Gideon met eyes with Alice and pushed a small bowl of cereal across the table in her direction, an offering for her. She shook her head but thanked him. She ate when she had to, but never felt like it, and it usually wasn’t until noon that she ended up putting some food into her mouth: crackers and cheese or a few chips. Gideon shrugged and pulled the bowl back toward him, then sat down and started eating the cereal.
“More for me,” he said. “Gonna get soggy otherwise. Right, girls?”
They nodded. Alice did, however, get up from the couch and join them at the table, and this was a rare occurrence, and in some ways more surprising than if she’d taken a bite of cereal. She pushed some hair away from her face and took a sip of Gideon’s coffee. He offered her the whole cup, so she continued to sip it as she watched her girls eat. She used to enjoy that, watching them busily eat their breakfasts, scraping every last bit into their mouths, hearing them chew with their mouths open. She never much cared to teach them table manners, always thought it was more important for them to just be kids. But watching them now, as much as she loved them, didn’t give her the same amount of joy, because her eyes would always trail over to where Grace used to sit, and she would be reminded of how there was one less mouth chewing. And Grace, well, she was the most fun to watch eating. Half of the food would get on her face, shirt, or table, and she’d play this game where she dropped her utensil and made one of the girls pick it up for her. They always did, too. Nobody sat in her chair. Nobody could anyway; Alice had never taken the booster seat off.
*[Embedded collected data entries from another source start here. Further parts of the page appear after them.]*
lemma tvec_basis_fields:
  obtains Xs where "\<And>j. j < fs.dim {tvec C X x | X. X \<in> F} \<Longrightarrow> Xs j \<in> F"
    "lin_indep_on (fs.dim {tvec C X x | X. X \<in> F}) C (\<lambda>j f. Xs j f x)"
proof -
  define V where "V = {tvec C X x | X. X \<in> F}"
  obtain B where B: "B \<subseteq> V" "fs.independent B" "card B = fs.dim V"
    by (rule fs.basis_exists[of V]) blast
  show thesis
  proof (cases "finite B")
    case False
    then have "fs.dim V = 0" using B(3) by simp
    moreover have "lin_indep_on 0 C w" for w by (rule lin_indep_onI) simp
    ultimately show thesis using that[of undefined] unfolding V_def by simp
  next
    case True
    from ex_bij_betw_nat_finite[OF True] obtain b where "bij_betw b {0..<card B} B" ..
    then have b: "bij_betw b {..<fs.dim V} B" using B(3) by (simp add: atLeast0LessThan)
    have "\<forall>j. \<exists>X. j < fs.dim V \<longrightarrow> X \<in> F \<and> b j = tvec C X x"
    proof
      fix j
      show "\<exists>X. j < fs.dim V \<longrightarrow> X \<in> F \<and> b j = tvec C X x"
      proof (cases "j < fs.dim V")
        case True
        then have "b j \<in> V" using bij_betw_apply[OF b] B(1) by auto
        then show ?thesis unfolding V_def by blast
      qed simp
    qed
    from choice[OF this] obtain Xs where Xs: "\<forall>j. j < fs.dim V \<longrightarrow> Xs j \<in> F \<and> b j = tvec C (Xs j) x" ..
    have "inj_on (\<lambda>j. tvec C (Xs j) x) {..<fs.dim V}"
      using bij_betw_imp_inj_on[OF b] Xs by (simp add: inj_on_def)
    moreover have "(\<lambda>j. tvec C (Xs j) x) ` {..<fs.dim V} = B"
      using bij_betw_imp_surj_on[OF b] Xs by (simp add: image_def)
    ultimately have "lin_indep_on (fs.dim V) C (\<lambda>j f. Xs j f x)"
      using B(2) by (simp add: lin_indep_on_iff_independent_tvec)
    with Xs show thesis using that[of Xs] unfolding V_def by blast
  qed
qed

lemma lin_indep_on_le_dim:
  assumes "subcartesian C" "\<forall>X\<in>F. vector_field C X"
    and "\<And>j. j < k \<Longrightarrow> Xs j \<in> F" "lin_indep_on k C (\<lambda>j f. Xs j f y)"
  shows "k \<le> fs.dim {tvec C X y | X. X \<in> F}"
proof -
  let ?v = "\<lambda>j. tvec C (Xs j) y"
  obtain E where E: "finite E" "\<And>X. vector_field C X \<Longrightarrow> tvec C X y \<in> fs.span E"
    using tvec_in_finite_span[OF assms(1)] by blast
  have indep: "inj_on ?v {..<k}" "fs.independent (?v ` {..<k})"
    using assms(4) by (simp_all add: lin_indep_on_iff_independent_tvec)
  have "?v ` {..<k} \<subseteq> {tvec C X y | X. X \<in> F}" using assms(3) by blast
  moreover have "{tvec C X y | X. X \<in> F} \<subseteq> fs.span E" using E(2) assms(2) by blast
  ultimately have "card (?v ` {..<k}) \<le> fs.dim {tvec C X y | X. X \<in> F}"
    by (rule fs.card_le_dim_if_finite_span[OF indep(2) _ _ E(1)])
  with indep(1) show ?thesis by (simp add: card_image)
qed

lemma continuous_map_vector_field_apply:
  assumes "vector_field C X" "f \<in> C"
  shows "continuous_map (ctop C) euclideanreal (X f)"
proof -
  have "derivation C X" using assms(1) unfolding vector_field_def by blast
  then have "X f \<in> C" using assms(2) unfolding derivation_def by blast
  then show ?thesis by (rule continuous_map_ctop)
qed

theorem lemmal:
  fixes C :: "('a \<Rightarrow> real) set"
    and F :: "(('a \<Rightarrow> real) \<Rightarrow> ('a \<Rightarrow> real)) set"
  assumes "subcartesian C"
    and "\<forall>X\<in>F. vector_field C X"
  shows "lower_semicontinuous (ctop C) (delta C F)"
  unfolding lower_semicontinuous_def
proof (intro ballI allI impI)
  fix x :: 'a and r :: real
  assume r: "r < real_of_int (delta C F x)"
  have delta: "delta C F y = int (fs.dim {tvec C X y | X. X \<in> F})" for y
    unfolding delta_def ..
  define k where "k = fs.dim {tvec C X x | X. X \<in> F}"
  obtain Xs where Xs: "\<And>j. j < k \<Longrightarrow> Xs j \<in> F" "lin_indep_on k C (\<lambda>j f. Xs j f x)"
    using tvec_basis_fields[where C = C and x = x and F = F, folded k_def] by blast
  have "\<forall>j<k. \<forall>f\<in>C. continuous_map (subtopology (ctop C) UNIV) euclideanreal (\<lambda>y. Xs j f y)"
    using assms(2) Xs(1) by (simp add: continuous_map_vector_field_apply)
  from lin_indep_on_locally[OF openin_ctop_UNIV UNIV_I this Xs(2)] obtain U
    where U: "openin (ctop C) U" "x \<in> U" "\<forall>y\<in>U. lin_indep_on k C (\<lambda>j f. Xs j f y)"
    by blast
  have "r < real_of_int (delta C F y)" if "y \<in> U" for y
    using lin_indep_on_le_dim[OF assms Xs(1) U(3)[rule_format, OF that]] r
    unfolding delta k_def by simp
  with U(1,2) show "\<exists>U. openin (ctop C) U \<and> x \<in> U \<and> (\<forall>y\<in>U. r < real_of_int (delta C F y))"
    by blast
qed

end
“Hey, Al,” Gideon said, “I told the girls maybe they could play in the snow out back after breakfast. Whaddya think?”
Alice shook her head. “No, I don’t want them playing back there today, Gideon.”
The girls let out a collective, disappointed sigh. Gideon did too. It was strange to Alice, before and after Grace died, to see such a rough-looking man acting so often like a little girl, but he played with them at their level whatever they were doing. He was one of them, and they loved that about him.
“Come on, Al, they’re cooped up, these girls. They’re goin’ stir crazy is what they’re goin’. How about just for a little bit?”
“Gideon,” Alice pleaded.
Letting the girls go outside gave her anxiety. She didn’t like the thought of them being anywhere they could get hurt, and so them being inside was about the safest place they could be. As one month bled into the next, she had let them go outside less and less, and, when they were outside, she was out there with them.
“Please, Mommy!” the girls said.
Alice turned to Gideon with a disapproving look and whispered, “Not really giving me much of a choice, are you, asking right in front of them.”
“Grandpa used to …,” Gideon started but was interrupted quicker than lightning with a stern don’t from Alice. He raised both his hands in surrender.
“Just sayin’,” he said.
“I guess you can go,” she said to the girls, then to Gideon added, “I’m coming too.”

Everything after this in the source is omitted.